Words by Harry McKerrell
Listen to Music for the Jilted Generation on Tidal
Buy Music for the Jiltered Generation on Amazon
Weezer – Weezer (The Blue Album)
Weezer’s debut effort is such an oddity that it borders on sheer paradox. At a time when grunge was taking over the world (or at least the very small, misanthropic corner dressed in flannel shirts and oversized denim), The Blue Album proved that rock could still wear its pop-inspired heart on its t-shirt sleeve.
And yet there’s still that odd melding of vulnerability and darkness that made Kurt Cobain and co. strike such a chord with younger audiences. Say It Ain’t So’s massive, crunchy power chords are right out of the grunge playbook, while lyrics dealing with fears of alcoholism and the family breakdown wouldn’t sound odd coming out of Cobain’s own mouth. Buddy Holly might have been semi-parodic, but it still feels like the sort of song Nirvana might have written if they’d taken the pop influences displayed on, say, About A Girl and stretched them to their logical conclusion.
Words by Harry McKerrell
Nine Inch Nails – The Downward Spiral
The Downward Spiral is not an easy listen. Hardly the sort of music you stick on if you want a relaxing summer afternoon to forget your woes, it's a record that can often feel like an anxiety attack set to music. Nine Inch Nails' magnum opus isn't about forgetting your troubles, it's about facing them head-on, digging down into the deep recesses of the soul and pulling out the ugly truths within. It's cheaper than therapy, certainly.
Yet the record's sheer quality and depth make it hard to ignore. Crammed full of disconcerting, often atonal soundscapes, weird percussive passages and Trent Reznor's voice fluctuating from a whisper to a shout, it's become as popular in our hi-fi test rooms as it has in teenage bedrooms.
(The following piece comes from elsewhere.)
(* Let $X,Y$ be real Hilbert spaces and $I$ either $[0,T]$ ($T>0$) or $[0,+\infty)$. Assume: $K\subset X$ is a nonempty closed convex cone; $A:X\to X$ satisfies $(Au-Av,u-v)_X\ge m_A\|u-v\|_X^2$ and $\|Au-Av\|_X\le L_A\|u-v\|_X$ for all $u,v\in X$, with $m_A,L_A>0$; $j:Y\times K\to\mathbb{R}$ is such that $j(\eta,\cdot)$ is convex, positively homogeneous and Lipschitz continuous on $K$ for every $\eta\in Y$, and there is $\alpha_j\ge0$ with $j(\eta_1,v_2)-j(\eta_1,v_1)+j(\eta_2,v_1)-j(\eta_2,v_2)\le\alpha_j\|\eta_1-\eta_2\|_Y\|v_1-v_2\|_X$ for all $\eta_i\in Y$, $v_i\in K$; $f\in C(I;X)$; and $\mathcal{R}:C(I;X)\to C(I;Y)$ and $\mathcal{S}:C(I;X)\to C(I;X)$ are history-dependent operators. Then there exists a unique function $u:I\to X$ such that $$-u(t)\in \mathrm{N}_{C(\mathcal{R}u(t),t)}\big(Au(t)+\mathcal{S}u(t)\big)\quad\forall\,t\in I,$$ and it satisfies $u\in C(I;K)$.
   Context: An operator $\mathcal{P}:C(I;Z_1)\to C(I;Z_2)$ between spaces of continuous functions with values in normed spaces $Z_1,Z_2$ is history-dependent if for every compact $\mathcal J\subset I$ there is $L_{\mathcal J}>0$ with $\|\mathcal{P}u_1(t)-\mathcal{P}u_2(t)\|_{Z_2}\le L_{\mathcal J}\int_0^t\|u_1(s)-u_2(s)\|_{Z_1}ds$ for all $u_1,u_2\in C(I;Z_1)$, $t\in\mathcal J$. Define $J(\eta,v)=j(\eta,v)$ for $v\in K$, $J(\eta,v)=+\infty$ for $v\notin K$; $C(\eta)=\{\xi\in X: J(\eta,v)\ge(\xi,v)_X\ \forall v\in X\}$; $C(\eta,t)=f(t)-C(\eta)$. For a nonempty closed convex $D\subset X$, $\mathrm{N}_D(x)=\{\xi:(\xi,w-x)_X\le0\ \forall w\in D\}$ if $x\in D$, $\emptyset$ otherwise. *)

theory Defs
  imports "HOL-Analysis.Analysis"
begin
So much texture and raw emotion for the finest systems to dig out.
Words by Harry McKerrell
Listen to The Downward Spiral on Tidal
Buy The Downward Spiral on Amazon
Notorious B.I.G – Ready to Die
It’s crazy to think that 1994’s Ready to Die was the first of a duo of albums that The Notorious B.I.G. would ever release. Considering he’s still such a towering figure in the world of East Coast hip-hop, it’s jarring to consider that Biggie, who died when he was just 24, only released two full studio albums by the time of his death in 1997.
The fact that he’s still such a colossal name should give a clear indication of the influence left by those two records, with Ready to Die cementing a legacy in the same stroke that it started one. Bold and brash yet with lyrics that wended their way through the dense forests of depression through to more hopeful, even humourous plains, it’s a totemic record that hits as hard as it did 30 years ago.